Supplied data Block Start

definition index :: "(nat \<times> nat) set" where
  "index = {m+1..m+J} \<times> {..<K}"

definition point :: "nat \<times> nat \<Rightarrow> real \<times> real" where
  "point = (\<lambda>(n, i). chirp_point n (2 * r * i))"

lemma height_bounds:
  assumes "i < K"
  shows "0 \<le> 2 * r * i" "2 * r * i \<le> R / 2"
proof -
  show "0 \<le> 2 * r * i"
    using r by simp
  have "4 * r * i \<le> 4 * r * K"
    using assms r by (intro mult_left_mono) auto
  with heights show "2 * r * i \<le> R / 2"
    by linarith
qed

lemma fst_point_bounds:
  assumes "(n, i) \<in> index"
  shows "sqrt (2 * pi * m) \<le> fst (point (n, i))" "fst (point (n, i)) \<le> sqrt (2 * pi * m) + R / 2"
proof -
  have "2 * pi * (real n - real m) \<le> 2 * pi * J"
    using assms by (intro mult_left_mono) (auto simp: index_def)
  with periods have "2 * pi * (real n - real m) + pi / 2 \<le> R * sqrt (2 * pi * m)"
    by linarith
  then show "sqrt (2 * pi * m) \<le> fst (point (n, i))" "fst (point (n, i)) \<le> sqrt (2 * pi * m) + R / 2"
    using fst_chirp_point_bounds[of m n "2 * r * i" R] height_bounds[of i] assms r
    by (auto simp: point_def index_def)
qed

lemma point_mem_cball_graph:
  assumes "(n, i) \<in> index"
  shows "point (n, i) \<in> cball (chirp_point m 0) R \<inter> graph_of {0..} (\<lambda>t. sin (t\<^sup>2))"
proof
  show "point (n, i) \<in> graph_of {0..} (\<lambda>t. sin (t\<^sup>2))"
    using assms height_bounds[of i] r by (auto simp: point_def index_def intro: chirp_point_mem_graph)
  have "dist (chirp_point m 0) (point (n, i))
      \<le> \<bar>sqrt (2 * pi * m) - fst (point (n, i))\<bar> + \<bar>0 - snd (point (n, i))\<bar>"
    using dist_le_abs_fst_plus_abs_snd[of "chirp_point m 0" "point (n, i)"] by (simp add: chirp_point_def)
  also have "\<dots> \<le> R"
    using fst_point_bounds[OF assms] height_bounds[of i] assms by (simp add: point_def index_def)
  finally show "point (n, i) \<in> cball (chirp_point m 0) R"
    by simp
qed

lemma point_separated:
  assumes "(n, i) \<in> index" "(n', i') \<in> index" "(n, i) \<noteq> (n', i')"
  shows "r < dist (point (n, i)) (point (n', i'))"
proof -
  have "n \<noteq> n' \<or> r < \<bar>2 * r * i - 2 * r * i'\<bar>"
    using assms(3) abs_diff_mult_of_nat_ge[of i i' "2 * r"] r by fastforce
  moreover have "r * (fst (point (n, i)) + fst (point (n', i'))) < pi"
  proof -
    have "r * (fst (point (n, i)) + fst (point (n', i'))) \<le> r * (2 * sqrt (2 * pi * m) + R)"
      using fst_point_bounds[OF assms(1)] fst_point_bounds[OF assms(2)] r by (intro mult_left_mono) auto
    moreover have "r * R < 1"
      using r mult_strict_mono[of r 1 R 1] by simp
    ultimately show ?thesis
      using base pi_gt3 by (simp add: algebra_simps)
  qed
  moreover have "0 \<le> 2 * r * i" "2 * r * i \<le> 1" "0 \<le> 2 * r * i'" "2 * r * i' \<le> 1"
    using height_bounds[of i] height_bounds[of i'] assms(1,2) r by (auto simp: index_def)
  ultimately show ?thesis
    unfolding point_def by (simp add: chirp_point_dist_gt)
qed

lemma grid_le_cover_number:
  "J * K \<le> cover_number (cball (chirp_point m 0) R \<inter> graph_of {0..} (\<lambda>t. sin (t\<^sup>2))) r"
proof -
  have "inj_on point index"
  proof (rule inj_onI)
    fix a b assume "a \<in> index" "b \<in> index" "point a = point b"
    then show "a = b"
      using point_separated[of "fst a" "snd a" "fst b" "snd b"] r by force
  qed
  then have "J * K = card (point ` index)"
    by (simp add: card_image index_def card_cartesian_product)
  also have "\<dots> \<le> cover_number (cball (chirp_point m 0) R \<inter> graph_of {0..} (\<lambda>t. sin (t\<^sup>2))) r"
  proof (rule card_le_cover_number)
    show "point ` index \<subseteq> cball (chirp_point m 0) R \<inter> graph_of {0..} (\<lambda>t. sin (t\<^sup>2))"
      using point_mem_cball_graph by auto
    fix p q assume "p \<in> point ` index" "q \<in> point ` index" "p \<noteq> q"
    then show "r < dist p q"
      using point_separated by auto
  qed (use r in \<open>simp_all add: bounded_Int\<close>)
  finally show ?thesis .
qed

end

lemma chirp_cover_number_ge:
  fixes r R :: real
  assumes r: "0 < r" "32 * pi * r \<le> R" "R < 1"
  shows "\<exists>z\<in>graph_of {0..} (\<lambda>t. sin (t\<^sup>2)).
    (R / r)\<^sup>2 / (256 * pi) \<le> real (cover_number (cball z R \<inter> graph_of {0..} (\<lambda>t. sin (t\<^sup>2))) r)"
proof -
  define X where "X = R / r"
  have "r \<le> R"
    using r mult_right_mono[of 1 "32 * pi" r] pi_gt3 by linarith
  have X: "32 * pi \<le> X" "X \<le> 1 / r"
    using r by (simp_all add: X_def field_simps)
  then obtain m :: nat where t: "1 / r / 4 \<le> sqrt (2 * pi * m)" "sqrt (2 * pi * m) \<le> 1 / r / 2"
    using exists_sqrt_2pi_nat_between[of "1 / r"] pi_gt3 by force
  define t where "t = sqrt (2 * pi * m)"
  define J where "J = nat \<lfloor>R * t / (4 * pi)\<rfloor>"
  define K where "K = nat \<lfloor>X / 4\<rfloor>"
  have "X / 4 \<le> R * t"
    using t r \<open>r \<le> R\<close> mult_left_mono[of "1 / r / 4" t R] by (simp add: X_def t_def)
  have J: "real J \<le> R * t / (4 * pi)" "R * t / (4 * pi) - 1 < real J"
    and K: "real K \<le> X / 4" "X / 4 - 1 < real K"
    using of_nat_floor real_nat_floor_gt_diff_one r \<open>r \<le> R\<close> unfolding J_def K_def t_def X_def
    by auto
  interpret chirp_grid m J K r R
  proof (unfold_locales, fold t_def)
    show "4 * r * K \<le> R"
      using K r mult_left_mono[of K "X / 4" "4 * r"] by (simp add: X_def)
    show "2 * r * t \<le> 1"
      using t r by (simp add: t_def field_simps)
    show "2 * pi * J + pi / 2 \<le> R * t"
      using J \<open>X / 4 \<le> R * t\<close> X pi_gt_zero by (simp add: field_simps)
  qed (use r \<open>r \<le> R\<close> in auto)
  have "X / (32 * pi) \<le> real J" "X / 8 \<le> real K"
    using J K \<open>X / 4 \<le> R * t\<close> X pi_gt3 by (simp_all add: field_simps)
  then have "X / (32 * pi) * (X / 8) \<le> real J * real K"
    using X pi_gt3 by (intro mult_mono) auto
  moreover have "real J * real K \<le> real (cover_number (cball (chirp_point m 0) R \<inter> graph_of {0..} (\<lambda>t. sin (t\<^sup>2))) r)"
    using grid_le_cover_number by (simp flip: of_nat_mult)
  moreover have "X / (32 * pi) * (X / 8) = (R / r)\<^sup>2 / (256 * pi)"
    by (simp add: X_def power2_eq_square)
  ultimately show ?thesis
    using chirp_point_mem_graph[of 0 m] by (intro bexI[of _ "chirp_point m 0"]) auto
qed

lemma assouad_spectrum_chirp_ge_two:
  fixes \<theta> :: real
  assumes "0 < \<theta>" "\<theta> < 1"
  shows "2 \<le> assouad_spectrum \<theta> (graph_of {0..} (\<lambda>t. sin (t\<^sup>2)))"
proof (rule le_assouad_spectrum[OF assms, of "1 / (256 * pi)"])
  have "\<forall>\<^sub>F R in at_right 0. 32 * pi * R powr (1 / \<theta>) \<le> R"
    using assms by real_asymp
  moreover have "\<forall>\<^sub>F R in at_right 0. R \<in> {0<..<1::real}"
    by (rule eventually_at_right_real) simp
  ultimately show "\<forall>\<^sub>F R in at_right 0. \<exists>z\<in>graph_of {0..} (\<lambda>t. sin (t\<^sup>2)).
      1 / (256 * pi) * (R / R powr (1 / \<theta>)) powr 2
        \<le> real (cover_number (cball z R \<inter> graph_of {0..} (\<lambda>t. sin (t\<^sup>2))) (R powr (1 / \<theta>)))"
  proof eventually_elim
    case (elim R)
    then show ?case
      using chirp_cover_number_ge[of "R powr (1 / \<theta>)" R] by (simp add: powr_numeral)
  qed
qed simp

lemma abs_sin_diff_le:
  fixes a b :: real
  shows "\<bar>sin a - sin b\<bar> \<le> \<bar>a - b\<bar>"
proof -
  have "\<bar>sin a - sin b\<bar> = 2 * \<bar>sin ((a - b) / 2)\<bar> * \<bar>cos ((a + b) / 2)\<bar>"
    by (simp add: sin_diff_sin abs_mult)
  also have "\<dots> \<le> 2 * \<bar>sin ((a - b) / 2)\<bar>"
    by (simp add: mult_left_le)
  also have "\<dots> \<le> \<bar>a - b\<bar>"
    using abs_sin_x_le_abs_x[of "(a - b) / 2"] by simp
  finally show ?thesis .
qed

theorem corollary4p8:
  fixes \<theta> :: real
  assumes "0 < \<theta>" and "\<theta> < 1"
  shows "\<exists>(I :: real set) (g :: real \<Rightarrow> real) (h :: real \<Rightarrow> real).
           is_interval I \<and> continuous_on I g \<and> continuous_on I h \<and>
           assouad_spectrum \<theta> (graph_of I (\<lambda>t. g t + h t)) >
             max (assouad_spectrum \<theta> (graph_of I g)) (assouad_spectrum \<theta> (graph_of I h))"
proof -
  define g where "g t = sin (t\<^sup>2) + (t\<^sup>2 + t)" for t :: real
  define h where "h t = - (t\<^sup>2 + t)" for t :: real
  have "assouad_spectrum \<theta> (graph_of {0..} g) \<le> 1"
  proof (rule assouad_spectrum_graph_nonneg_le_one)
    fix x y :: real assume "0 \<le> x" "x \<le> y"
    then show "y - x \<le> \<bar>g y - g x\<bar>"
      using power_mono[of x y 2] abs_sin_diff_le[of "y\<^sup>2" "x\<^sup>2"] by (simp add: g_def)
  qed (use assms in auto)
  moreover have "assouad_spectrum \<theta> (graph_of {0..} h) \<le> 1"
  proof (rule assouad_spectrum_graph_nonneg_le_one)
    fix x y :: real assume "0 \<le> x" "x \<le> y"
    then show "y - x \<le> \<bar>h y - h x\<bar>"
      using power_mono[of x y 2] unfolding h_def by linarith
  qed (use assms in auto)
  moreover have "(\<lambda>t. g t + h t) = (\<lambda>t. sin (t\<^sup>2))"
    by (simp add: g_def h_def)
  moreover have "continuous_on {0..} g" "continuous_on {0..} h"
    unfolding g_def h_def by (auto intro!: continuous_intros)
  ultimately show ?thesis
    using assouad_spectrum_chirp_ge_two[OF assms] is_interval_ci
    by (intro exI[of _ "{0..}"] exI[of _ g] exI[of _ h]) auto
qed

end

Supplied data Block End

→ **Problem requirements**:
Using the data above, restate word for word the lines from its opening line through the line that contains "using assms r", and no more.

→ **Exercise result**:
definition index :: "(nat \<times> nat) set" where
  "index = {m+1..m+J} \<times> {..<K}"

definition point :: "nat \<times> nat \<Rightarrow> real \<times> real" where
  "point = (\<lambda>(n, i). chirp_point n (2 * r * i))"

lemma height_bounds:
  assumes "i < K"
  shows "0 \<le> 2 * r * i" "2 * r * i \<le> R / 2"
proof -
  show "0 \<le> 2 * r * i"
    using r by simp
  have "4 * r * i \<le> 4 * r * K"
    using assms r by (intro mult_left_mono) auto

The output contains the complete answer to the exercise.